IDEA:

The idea I had for this shader was to make a real-time voxel shader, to convert triangle meshes into voxel meshes. Most of the references I found used a 2-step approach where you firstly generate a 3dtexture from your model and then display that 3dtexture with voxels. The only thing is that that uses 2 effect files, I wanted to do it in 1 single file so I have thought out another method that calculates the voxels in real-time and displays them directly.

MAKING THE SHADER:

O.K., we want to make a shader using the geometry shader to create voxels from triangles. We must first calculate how many voxels fit inside of every triangle, this can be done with some clever math. Using the three given points, we will call them positionA, positionB and positionC, we want to loop over all the possible points between them. First, we transpose the points to world coordinates so we have sensible values to work with, then we will find a point A which has all the lowest values of the positions and B with all the highest.

//Corners of the triangle to world coordinates
float3 positionA = mul(float4(vertices[0].Position, 1), m_MatrixWorld).xyz;
float3 positionB = mul(float4(vertices[1].Position, 1), m_MatrixWorld).xyz;
float3 positionC = mul(float4(vertices[2].Position, 1), m_MatrixWorld).xyz;

float3 A = (float3) 0;
float3 B = (float3) 0;
//Find A.x and B.x
A.x = min(min(positionA.x, positionB.x), positionC.x);
B.x = max(max(positionA.x, positionB.x), positionC.x);

//Find A.y and B.y
A.y = min(min(positionA.y, positionB.y), positionC.y);
B.y = max(max(positionA.y, positionB.y), positionC.y);

//Find A.z and B.z
A.z = min(min(positionA.z, positionB.z), positionC.z);
B.z = max(max(positionA.z, positionB.z), positionC.z);

We now loop over every position between those values and put them into an array.

float3 cubes[100];
int numcubes = 0;

//Loop over every point and add it to the array
for(float x = A.x; x < B.x + 1; x++)
{
   for(float x = A.x; x < B.x + 1; x++)
   {
     for(float x = A.x; x < B.x + 1; x++)
     {
       float3 pos = (float3) 0;
       pos = float3(x, y, z);
       cubes[numcubes] = pos;
       numcubes++;
     }
   }
}

Nice, now we have an array of all the points in a bounding box around the triangle, we will now loop over all the points and draw a box there. This can be easily done with 2 functions, one to generate the 6 faces of a box from a point and one to draw a vertex for convenience sake.

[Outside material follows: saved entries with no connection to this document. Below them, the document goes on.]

lemma is_orbit_eq_orbit_at:
  assumes rep: "represents rho a t" and orb: "is_orbit Phi rho x Ob"
  shows "Ob = orbit_at Phi a t x"
proof
  have at_times: "Ob (t k) = Phi_comp Phi a k x" for k
    by (induction k)
      (simp_all add: is_orbit_at_first_time[OF rep orb] is_orbit_at_next_time[OF rep orb])
  fix s show "Ob s = orbit_at Phi a t x s"
  proof (cases "s < t 0")
    case True
    obtain T where T: "\<forall>s<T. Ob s = x" using is_orbit_initial[OF orb] by blast
    define s' where "s' = min T s - 1"
    have "s' \<le> s" "s' < T" by (simp_all add: s'_def)
    then have "Ob s' = Ob s"
      using True by (intro is_orbit_const[OF orb]) (simp_all add: represents_before[OF rep])
    with T \<open>s' < T\<close> True show ?thesis by (simp add: orbit_at_before)
  next
    case False
    then have "t 0 \<le> s" by simp
    then obtain k where k: "t k \<le> s" "s < t (Suc k)" by (rule represents_interval[OF rep])
    then have "Ob (t k) = Ob s"
      by (intro is_orbit_const[OF orb]) (simp_all add: represents_gap[OF rep])
    with k show ?thesis by (simp add: at_times orbit_at_interval[OF rep])
  qed
qed

lemma Phi_rho_eq_orbit_at:
  assumes rep: "represents rho a t"
  shows "Phi_rho Phi rho mu = orbit_at Phi a t mu"
proof -
  define r where "r = (SOME r. represents rho (fst r) (snd r))"
  have "represents rho (fst r) (snd r)"
    unfolding r_def by (rule someI[of _ "(a, t)"]) (simp add: rep)
  moreover have "Phi_rho Phi rho mu = orbit_at Phi (fst r) (snd r) mu"
    by (simp add: fun_eq_iff Phi_rho_def r_def Let_def)
  ultimately have "is_orbit Phi rho mu (Phi_rho Phi rho mu)"
    by (simp add: orbit_at_is_orbit)
  then show ?thesis by (rule is_orbit_eq_orbit_at[OF rep])
qed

To be a little fancier I have also added texcoords and normal for the boxes, all the properties of a box; indices, normals and texcoords I have put into arrays. This way we can just loop over them to make it more efficient.

Let’s see where we are at:

Well… it’s a start. The thing we are missing is that the boxes are drawn on every point without them being aligned at all, also, we are using magic numbers in the loop where we look for all the possible points in the bounding box, let’s fix that.

We make a function that will align the boxes to each other, this can be done by using a variable for our voxel cube size, then we loop over all the values of our current position and subtract the modulo of the current value with the size from the current value.

Okay, now we tackle the point loop, we want to add the size instead of the magic 1 number, since we only are going to draw the squares that are on our grid we don’t have to loop over points that are not on the grid, this would be wasted GPU power!

Now that that part is solved let’s look at what we have:

That looks a lot better! But we still have 1 problem. This happens if we scale our model big enough:

We have overlapping blocks! Let’s fix it! First by making the align to grid function better, it worked before, but floating points were a bit of a problem using a different method: taking the floor of our voxel size divided by the current value times our voxel size, not only is more accurate but also fixes a lot of floating point errors, it doesn’t fix our overlapping completely though. To fix that we should create another array to store the currently rendered blocks and look through those each time we render a new block, if we find an exact match, then we discard that block.